**AIM OF THE TASK**: Beginning with the line that holds "using uv x y by (auto simp: r_coset_Z)" in the data below, give again every line through the one that holds "using i x cayley_edge_iff by auto", exactly as written.

--------------------------------------------------

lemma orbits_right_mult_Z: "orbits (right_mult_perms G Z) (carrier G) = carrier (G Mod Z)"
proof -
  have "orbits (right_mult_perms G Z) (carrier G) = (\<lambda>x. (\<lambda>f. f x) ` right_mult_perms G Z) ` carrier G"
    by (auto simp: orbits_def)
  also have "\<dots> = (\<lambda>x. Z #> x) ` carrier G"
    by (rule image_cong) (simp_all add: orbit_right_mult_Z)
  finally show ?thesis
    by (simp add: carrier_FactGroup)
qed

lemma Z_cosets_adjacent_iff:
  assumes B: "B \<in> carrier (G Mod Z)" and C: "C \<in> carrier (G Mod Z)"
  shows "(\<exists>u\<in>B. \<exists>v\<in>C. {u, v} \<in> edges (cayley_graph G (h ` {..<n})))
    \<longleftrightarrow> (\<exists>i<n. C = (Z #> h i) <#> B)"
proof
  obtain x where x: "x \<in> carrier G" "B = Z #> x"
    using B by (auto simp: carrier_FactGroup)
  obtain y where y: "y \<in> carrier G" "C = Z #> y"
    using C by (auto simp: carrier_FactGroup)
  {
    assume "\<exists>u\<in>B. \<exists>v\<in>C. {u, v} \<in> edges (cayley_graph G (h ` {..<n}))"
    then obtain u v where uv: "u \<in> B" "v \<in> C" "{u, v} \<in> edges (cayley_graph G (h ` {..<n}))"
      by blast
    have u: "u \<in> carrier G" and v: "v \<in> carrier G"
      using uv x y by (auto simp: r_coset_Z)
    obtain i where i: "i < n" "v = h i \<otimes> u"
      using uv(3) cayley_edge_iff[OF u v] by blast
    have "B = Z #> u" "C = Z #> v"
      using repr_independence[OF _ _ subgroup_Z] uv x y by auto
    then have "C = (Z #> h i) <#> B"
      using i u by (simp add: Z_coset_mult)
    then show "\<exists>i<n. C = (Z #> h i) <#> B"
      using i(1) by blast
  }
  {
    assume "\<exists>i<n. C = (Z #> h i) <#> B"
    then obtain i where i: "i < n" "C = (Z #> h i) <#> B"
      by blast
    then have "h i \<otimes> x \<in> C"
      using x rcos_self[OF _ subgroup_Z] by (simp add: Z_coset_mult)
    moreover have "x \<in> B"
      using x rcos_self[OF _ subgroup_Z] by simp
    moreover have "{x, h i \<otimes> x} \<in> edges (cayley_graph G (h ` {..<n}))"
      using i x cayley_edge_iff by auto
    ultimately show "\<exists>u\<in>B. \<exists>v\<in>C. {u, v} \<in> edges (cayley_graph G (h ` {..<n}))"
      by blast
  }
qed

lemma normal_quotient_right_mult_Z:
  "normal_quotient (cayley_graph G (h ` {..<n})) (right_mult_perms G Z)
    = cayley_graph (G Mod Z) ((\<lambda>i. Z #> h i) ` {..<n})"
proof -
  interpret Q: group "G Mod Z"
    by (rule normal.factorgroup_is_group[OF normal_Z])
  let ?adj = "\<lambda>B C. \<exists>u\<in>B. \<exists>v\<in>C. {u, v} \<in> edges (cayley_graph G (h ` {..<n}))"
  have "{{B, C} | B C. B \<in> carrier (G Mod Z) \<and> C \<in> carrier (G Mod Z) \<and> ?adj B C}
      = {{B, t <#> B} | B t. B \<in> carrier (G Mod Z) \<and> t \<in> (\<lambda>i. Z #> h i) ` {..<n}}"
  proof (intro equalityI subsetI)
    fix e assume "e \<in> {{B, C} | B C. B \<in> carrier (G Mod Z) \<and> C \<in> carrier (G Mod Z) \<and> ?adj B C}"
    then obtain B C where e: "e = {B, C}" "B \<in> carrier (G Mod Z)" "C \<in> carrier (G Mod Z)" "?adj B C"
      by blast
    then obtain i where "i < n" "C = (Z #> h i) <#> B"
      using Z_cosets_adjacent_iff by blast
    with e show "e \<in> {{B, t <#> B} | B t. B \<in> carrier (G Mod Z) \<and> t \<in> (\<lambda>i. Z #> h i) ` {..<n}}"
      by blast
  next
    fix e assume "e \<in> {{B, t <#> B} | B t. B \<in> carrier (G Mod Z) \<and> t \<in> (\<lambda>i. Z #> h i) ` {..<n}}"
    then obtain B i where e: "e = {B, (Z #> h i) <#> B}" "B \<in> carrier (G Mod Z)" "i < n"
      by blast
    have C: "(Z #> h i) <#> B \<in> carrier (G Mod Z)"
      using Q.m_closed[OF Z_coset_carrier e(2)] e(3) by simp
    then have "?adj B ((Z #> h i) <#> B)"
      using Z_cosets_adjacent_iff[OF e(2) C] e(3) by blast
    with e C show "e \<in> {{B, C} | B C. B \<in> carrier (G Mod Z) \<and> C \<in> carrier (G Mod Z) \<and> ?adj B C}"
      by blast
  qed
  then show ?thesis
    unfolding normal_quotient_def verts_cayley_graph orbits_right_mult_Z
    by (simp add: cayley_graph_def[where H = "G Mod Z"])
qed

--------------------------------------------------

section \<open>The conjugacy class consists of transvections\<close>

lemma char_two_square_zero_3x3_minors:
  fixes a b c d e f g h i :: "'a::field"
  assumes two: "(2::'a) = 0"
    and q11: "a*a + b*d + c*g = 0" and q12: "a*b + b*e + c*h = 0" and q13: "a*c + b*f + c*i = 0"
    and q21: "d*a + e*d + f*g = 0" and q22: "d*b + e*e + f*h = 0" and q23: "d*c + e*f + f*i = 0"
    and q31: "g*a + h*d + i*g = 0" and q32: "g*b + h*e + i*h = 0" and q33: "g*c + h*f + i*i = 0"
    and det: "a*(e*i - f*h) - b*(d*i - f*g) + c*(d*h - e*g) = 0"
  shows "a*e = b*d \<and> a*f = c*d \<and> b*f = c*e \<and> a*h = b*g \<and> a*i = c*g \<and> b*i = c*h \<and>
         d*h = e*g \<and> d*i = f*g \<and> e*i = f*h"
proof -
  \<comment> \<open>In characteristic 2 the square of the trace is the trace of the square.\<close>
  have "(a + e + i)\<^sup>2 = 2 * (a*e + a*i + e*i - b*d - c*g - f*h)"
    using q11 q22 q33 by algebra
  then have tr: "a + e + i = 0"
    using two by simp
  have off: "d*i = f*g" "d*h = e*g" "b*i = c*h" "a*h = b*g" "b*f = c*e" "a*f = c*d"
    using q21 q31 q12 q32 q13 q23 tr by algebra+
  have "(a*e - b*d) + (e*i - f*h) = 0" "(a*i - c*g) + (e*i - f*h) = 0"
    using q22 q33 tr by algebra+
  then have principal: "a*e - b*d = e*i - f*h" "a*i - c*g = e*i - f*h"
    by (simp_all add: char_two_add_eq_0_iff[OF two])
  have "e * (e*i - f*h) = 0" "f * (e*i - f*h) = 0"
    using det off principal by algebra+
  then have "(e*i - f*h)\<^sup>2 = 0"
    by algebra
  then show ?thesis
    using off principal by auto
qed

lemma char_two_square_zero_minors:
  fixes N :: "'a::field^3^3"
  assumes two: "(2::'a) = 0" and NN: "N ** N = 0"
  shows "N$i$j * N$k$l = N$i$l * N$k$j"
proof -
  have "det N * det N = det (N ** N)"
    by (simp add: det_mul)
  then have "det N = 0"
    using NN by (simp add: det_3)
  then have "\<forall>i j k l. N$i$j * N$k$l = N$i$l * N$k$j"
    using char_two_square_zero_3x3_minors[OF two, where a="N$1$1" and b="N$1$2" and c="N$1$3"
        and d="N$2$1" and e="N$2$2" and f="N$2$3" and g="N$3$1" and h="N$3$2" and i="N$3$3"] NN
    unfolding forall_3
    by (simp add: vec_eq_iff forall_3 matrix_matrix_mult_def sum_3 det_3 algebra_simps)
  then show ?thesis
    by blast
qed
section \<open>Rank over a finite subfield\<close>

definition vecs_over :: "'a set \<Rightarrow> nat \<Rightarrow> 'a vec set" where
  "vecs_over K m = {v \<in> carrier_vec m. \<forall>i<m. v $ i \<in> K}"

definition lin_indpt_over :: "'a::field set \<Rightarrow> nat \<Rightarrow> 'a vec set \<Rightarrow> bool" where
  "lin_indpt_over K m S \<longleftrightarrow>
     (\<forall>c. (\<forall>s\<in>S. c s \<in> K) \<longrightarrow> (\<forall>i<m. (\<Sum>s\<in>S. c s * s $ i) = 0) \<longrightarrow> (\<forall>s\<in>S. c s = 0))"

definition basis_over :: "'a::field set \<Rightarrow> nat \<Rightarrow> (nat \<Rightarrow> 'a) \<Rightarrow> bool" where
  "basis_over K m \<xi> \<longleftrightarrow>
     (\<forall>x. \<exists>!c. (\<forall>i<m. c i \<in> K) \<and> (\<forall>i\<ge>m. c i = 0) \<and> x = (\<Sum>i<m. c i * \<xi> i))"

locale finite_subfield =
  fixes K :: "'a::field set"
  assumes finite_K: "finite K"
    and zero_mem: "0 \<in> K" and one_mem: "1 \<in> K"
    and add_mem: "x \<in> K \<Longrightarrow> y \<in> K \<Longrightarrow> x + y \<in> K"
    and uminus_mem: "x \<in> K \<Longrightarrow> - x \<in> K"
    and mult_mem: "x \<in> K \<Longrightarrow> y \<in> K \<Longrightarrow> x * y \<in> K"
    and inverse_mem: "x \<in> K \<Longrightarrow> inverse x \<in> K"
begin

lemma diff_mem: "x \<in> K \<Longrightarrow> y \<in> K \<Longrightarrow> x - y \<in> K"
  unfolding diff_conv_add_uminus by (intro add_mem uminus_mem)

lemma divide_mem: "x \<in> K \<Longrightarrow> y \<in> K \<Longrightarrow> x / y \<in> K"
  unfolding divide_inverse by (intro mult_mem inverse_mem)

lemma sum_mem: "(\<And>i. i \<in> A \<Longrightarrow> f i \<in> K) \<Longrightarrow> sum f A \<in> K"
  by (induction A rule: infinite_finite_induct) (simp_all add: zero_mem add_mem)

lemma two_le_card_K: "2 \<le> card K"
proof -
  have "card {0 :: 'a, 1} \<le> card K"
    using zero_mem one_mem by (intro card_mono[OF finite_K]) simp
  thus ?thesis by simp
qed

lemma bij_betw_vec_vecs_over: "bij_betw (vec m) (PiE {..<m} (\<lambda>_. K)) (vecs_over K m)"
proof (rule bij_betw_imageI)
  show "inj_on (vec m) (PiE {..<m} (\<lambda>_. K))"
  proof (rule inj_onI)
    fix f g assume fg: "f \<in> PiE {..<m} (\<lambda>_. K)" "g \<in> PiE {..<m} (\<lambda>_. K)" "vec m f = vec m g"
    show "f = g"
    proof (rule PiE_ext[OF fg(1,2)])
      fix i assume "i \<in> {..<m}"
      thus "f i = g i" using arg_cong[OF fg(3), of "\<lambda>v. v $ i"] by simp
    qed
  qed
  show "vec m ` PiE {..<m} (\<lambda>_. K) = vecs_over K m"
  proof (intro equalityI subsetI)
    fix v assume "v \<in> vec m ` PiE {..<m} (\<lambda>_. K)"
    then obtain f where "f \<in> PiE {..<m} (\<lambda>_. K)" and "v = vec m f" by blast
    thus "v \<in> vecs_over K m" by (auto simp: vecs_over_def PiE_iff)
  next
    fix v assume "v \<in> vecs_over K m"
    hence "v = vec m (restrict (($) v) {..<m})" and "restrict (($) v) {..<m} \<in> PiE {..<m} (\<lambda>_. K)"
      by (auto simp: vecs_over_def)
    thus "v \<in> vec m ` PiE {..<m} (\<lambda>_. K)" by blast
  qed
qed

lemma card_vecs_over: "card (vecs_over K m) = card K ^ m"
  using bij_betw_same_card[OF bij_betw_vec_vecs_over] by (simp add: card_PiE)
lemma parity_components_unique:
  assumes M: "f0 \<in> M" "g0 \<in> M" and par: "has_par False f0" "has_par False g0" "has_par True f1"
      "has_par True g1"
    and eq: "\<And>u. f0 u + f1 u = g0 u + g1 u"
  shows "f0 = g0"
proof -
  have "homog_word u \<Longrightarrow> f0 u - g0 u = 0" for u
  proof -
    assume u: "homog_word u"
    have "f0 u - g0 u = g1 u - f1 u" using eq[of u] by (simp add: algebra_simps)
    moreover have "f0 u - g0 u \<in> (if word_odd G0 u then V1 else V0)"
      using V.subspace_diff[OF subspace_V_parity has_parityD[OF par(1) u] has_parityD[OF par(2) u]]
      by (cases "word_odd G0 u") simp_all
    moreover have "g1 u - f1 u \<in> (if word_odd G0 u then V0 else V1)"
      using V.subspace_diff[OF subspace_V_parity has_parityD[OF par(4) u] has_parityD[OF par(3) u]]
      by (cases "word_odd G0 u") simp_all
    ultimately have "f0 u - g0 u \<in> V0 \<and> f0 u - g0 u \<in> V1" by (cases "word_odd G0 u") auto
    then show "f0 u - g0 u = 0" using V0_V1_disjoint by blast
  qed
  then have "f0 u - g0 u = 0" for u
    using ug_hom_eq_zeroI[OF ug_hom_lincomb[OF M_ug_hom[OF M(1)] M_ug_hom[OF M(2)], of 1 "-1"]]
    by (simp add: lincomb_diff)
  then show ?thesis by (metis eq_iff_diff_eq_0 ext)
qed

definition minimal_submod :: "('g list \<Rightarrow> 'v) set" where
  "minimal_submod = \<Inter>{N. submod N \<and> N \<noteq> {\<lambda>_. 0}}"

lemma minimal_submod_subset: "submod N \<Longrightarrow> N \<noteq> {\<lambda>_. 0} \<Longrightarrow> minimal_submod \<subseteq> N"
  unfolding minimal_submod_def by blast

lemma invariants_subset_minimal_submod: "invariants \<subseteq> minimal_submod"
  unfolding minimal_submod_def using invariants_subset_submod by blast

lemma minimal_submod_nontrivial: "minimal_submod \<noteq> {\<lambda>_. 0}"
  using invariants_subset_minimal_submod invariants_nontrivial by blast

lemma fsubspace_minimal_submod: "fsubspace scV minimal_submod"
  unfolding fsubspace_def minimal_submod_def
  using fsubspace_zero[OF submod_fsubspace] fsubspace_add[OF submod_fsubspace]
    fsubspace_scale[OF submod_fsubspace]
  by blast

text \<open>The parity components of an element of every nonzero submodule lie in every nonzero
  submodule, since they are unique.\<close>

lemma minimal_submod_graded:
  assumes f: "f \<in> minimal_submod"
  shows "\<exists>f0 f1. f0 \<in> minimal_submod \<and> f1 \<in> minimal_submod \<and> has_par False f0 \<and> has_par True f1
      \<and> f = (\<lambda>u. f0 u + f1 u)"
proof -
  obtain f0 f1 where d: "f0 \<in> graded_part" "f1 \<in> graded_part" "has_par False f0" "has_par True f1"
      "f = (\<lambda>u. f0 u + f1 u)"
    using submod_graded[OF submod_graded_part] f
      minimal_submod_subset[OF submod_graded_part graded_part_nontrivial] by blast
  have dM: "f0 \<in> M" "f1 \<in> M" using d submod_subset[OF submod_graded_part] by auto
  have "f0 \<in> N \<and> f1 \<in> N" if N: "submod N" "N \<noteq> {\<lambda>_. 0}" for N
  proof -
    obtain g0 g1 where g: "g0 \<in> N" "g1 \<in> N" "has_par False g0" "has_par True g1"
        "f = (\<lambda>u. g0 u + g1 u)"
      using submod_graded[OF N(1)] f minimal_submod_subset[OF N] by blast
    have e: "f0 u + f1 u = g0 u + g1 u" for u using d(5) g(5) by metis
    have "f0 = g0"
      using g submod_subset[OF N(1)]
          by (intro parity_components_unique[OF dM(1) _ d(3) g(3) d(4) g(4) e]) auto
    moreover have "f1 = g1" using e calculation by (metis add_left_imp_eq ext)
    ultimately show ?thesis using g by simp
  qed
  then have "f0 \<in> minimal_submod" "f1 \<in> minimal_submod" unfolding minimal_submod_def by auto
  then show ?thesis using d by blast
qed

--------------------------------------------------

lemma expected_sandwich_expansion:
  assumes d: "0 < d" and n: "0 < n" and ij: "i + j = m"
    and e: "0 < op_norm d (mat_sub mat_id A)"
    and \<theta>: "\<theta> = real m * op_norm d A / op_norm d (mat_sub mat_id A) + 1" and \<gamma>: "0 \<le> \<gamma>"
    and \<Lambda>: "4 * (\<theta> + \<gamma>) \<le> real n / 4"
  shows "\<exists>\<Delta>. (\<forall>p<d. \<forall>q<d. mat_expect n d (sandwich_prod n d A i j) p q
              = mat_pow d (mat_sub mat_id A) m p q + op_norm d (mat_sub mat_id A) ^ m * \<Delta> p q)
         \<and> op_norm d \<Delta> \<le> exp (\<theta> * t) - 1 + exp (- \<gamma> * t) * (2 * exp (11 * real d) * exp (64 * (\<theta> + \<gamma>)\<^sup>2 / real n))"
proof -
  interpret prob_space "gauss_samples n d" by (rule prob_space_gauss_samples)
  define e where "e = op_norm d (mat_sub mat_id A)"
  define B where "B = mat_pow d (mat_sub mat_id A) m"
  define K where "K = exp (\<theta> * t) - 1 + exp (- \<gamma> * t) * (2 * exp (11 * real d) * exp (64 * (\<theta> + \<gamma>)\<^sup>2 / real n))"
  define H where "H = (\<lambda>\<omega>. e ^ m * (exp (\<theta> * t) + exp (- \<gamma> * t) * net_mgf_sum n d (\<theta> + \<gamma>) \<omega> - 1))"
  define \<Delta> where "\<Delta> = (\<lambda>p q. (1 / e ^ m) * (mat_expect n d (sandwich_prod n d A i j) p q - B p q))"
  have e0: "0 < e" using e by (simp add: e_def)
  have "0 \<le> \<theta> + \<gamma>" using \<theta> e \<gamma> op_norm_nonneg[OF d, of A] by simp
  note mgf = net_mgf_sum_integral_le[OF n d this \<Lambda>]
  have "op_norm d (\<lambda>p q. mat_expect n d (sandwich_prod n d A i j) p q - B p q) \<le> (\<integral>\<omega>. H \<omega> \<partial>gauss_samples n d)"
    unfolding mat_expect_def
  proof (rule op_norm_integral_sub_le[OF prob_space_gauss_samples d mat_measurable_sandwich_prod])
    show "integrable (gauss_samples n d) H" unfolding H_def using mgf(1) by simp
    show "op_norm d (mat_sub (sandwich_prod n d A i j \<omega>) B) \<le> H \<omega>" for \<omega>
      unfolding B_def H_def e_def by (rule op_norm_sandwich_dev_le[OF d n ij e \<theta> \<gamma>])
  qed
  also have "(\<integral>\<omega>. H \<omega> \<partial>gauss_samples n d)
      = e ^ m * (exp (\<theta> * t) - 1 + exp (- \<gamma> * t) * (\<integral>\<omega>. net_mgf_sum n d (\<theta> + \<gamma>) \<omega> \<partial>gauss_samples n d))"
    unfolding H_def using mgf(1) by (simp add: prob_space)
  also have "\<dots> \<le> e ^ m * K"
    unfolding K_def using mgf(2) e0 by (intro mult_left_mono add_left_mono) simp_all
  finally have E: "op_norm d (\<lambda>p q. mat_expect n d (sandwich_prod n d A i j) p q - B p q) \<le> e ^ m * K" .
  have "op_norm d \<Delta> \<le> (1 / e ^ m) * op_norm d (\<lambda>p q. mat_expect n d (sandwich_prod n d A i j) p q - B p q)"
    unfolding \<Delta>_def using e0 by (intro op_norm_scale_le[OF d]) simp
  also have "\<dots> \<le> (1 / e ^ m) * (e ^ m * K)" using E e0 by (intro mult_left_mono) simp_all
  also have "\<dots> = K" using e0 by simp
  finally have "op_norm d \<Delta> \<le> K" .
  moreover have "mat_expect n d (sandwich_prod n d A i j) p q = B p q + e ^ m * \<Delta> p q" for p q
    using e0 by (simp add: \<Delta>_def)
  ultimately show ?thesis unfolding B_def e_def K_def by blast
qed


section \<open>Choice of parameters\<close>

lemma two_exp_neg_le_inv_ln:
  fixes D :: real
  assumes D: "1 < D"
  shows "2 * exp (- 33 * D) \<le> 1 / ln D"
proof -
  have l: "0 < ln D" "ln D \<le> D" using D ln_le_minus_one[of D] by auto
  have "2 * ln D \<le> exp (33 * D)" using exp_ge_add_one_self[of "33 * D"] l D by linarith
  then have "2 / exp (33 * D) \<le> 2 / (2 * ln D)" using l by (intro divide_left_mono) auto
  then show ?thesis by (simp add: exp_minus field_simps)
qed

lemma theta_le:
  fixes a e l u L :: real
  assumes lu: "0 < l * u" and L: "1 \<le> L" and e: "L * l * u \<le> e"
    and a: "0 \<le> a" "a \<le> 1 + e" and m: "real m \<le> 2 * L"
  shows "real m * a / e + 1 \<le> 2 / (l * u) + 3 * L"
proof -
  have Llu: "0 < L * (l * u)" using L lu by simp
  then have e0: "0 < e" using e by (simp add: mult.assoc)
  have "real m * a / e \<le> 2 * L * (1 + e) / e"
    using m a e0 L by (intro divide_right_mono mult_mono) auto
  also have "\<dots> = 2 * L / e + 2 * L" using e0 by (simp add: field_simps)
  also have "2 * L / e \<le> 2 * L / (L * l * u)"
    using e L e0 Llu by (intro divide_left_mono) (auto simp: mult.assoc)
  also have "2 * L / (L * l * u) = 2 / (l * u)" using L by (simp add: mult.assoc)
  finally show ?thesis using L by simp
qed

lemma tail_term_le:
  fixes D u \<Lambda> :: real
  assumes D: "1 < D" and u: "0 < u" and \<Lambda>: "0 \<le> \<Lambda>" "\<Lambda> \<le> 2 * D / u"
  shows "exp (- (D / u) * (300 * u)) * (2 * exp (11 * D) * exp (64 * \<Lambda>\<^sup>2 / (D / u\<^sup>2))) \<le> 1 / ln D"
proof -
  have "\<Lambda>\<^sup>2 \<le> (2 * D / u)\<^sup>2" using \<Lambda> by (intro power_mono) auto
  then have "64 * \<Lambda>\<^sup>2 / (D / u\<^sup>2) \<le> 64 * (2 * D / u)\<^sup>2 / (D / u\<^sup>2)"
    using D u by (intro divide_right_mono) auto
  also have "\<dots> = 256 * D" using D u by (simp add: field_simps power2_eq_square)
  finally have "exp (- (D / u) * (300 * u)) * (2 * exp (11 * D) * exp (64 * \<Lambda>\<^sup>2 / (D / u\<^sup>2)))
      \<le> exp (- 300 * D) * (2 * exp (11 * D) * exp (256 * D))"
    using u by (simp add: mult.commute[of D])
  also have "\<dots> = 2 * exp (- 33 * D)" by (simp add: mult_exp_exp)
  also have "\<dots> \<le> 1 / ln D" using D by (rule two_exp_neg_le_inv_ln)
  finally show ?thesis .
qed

--------------------------------------------------

**TASK ANSWER**:
      using uv x y by (auto simp: r_coset_Z)
    obtain i where i: "i < n" "v = h i \<otimes> u"
      using uv(3) cayley_edge_iff[OF u v] by blast
    have "B = Z #> u" "C = Z #> v"
      using repr_independence[OF _ _ subgroup_Z] uv x y by auto
    then have "C = (Z #> h i) <#> B"
      using i u by (simp add: Z_coset_mult)
    then show "\<exists>i<n. C = (Z #> h i) <#> B"
      using i(1) by blast
  }
  {
    assume "\<exists>i<n. C = (Z #> h i) <#> B"
    then obtain i where i: "i < n" "C = (Z #> h i) <#> B"
      by blast
    then have "h i \<otimes> x \<in> C"
      using x rcos_self[OF _ subgroup_Z] by (simp add: Z_coset_mult)
    moreover have "x \<in> B"
      using x rcos_self[OF _ subgroup_Z] by simp
    moreover have "{x, h i \<otimes> x} \<in> edges (cayley_graph G (h ` {..<n}))"
      using i x cayley_edge_iff by auto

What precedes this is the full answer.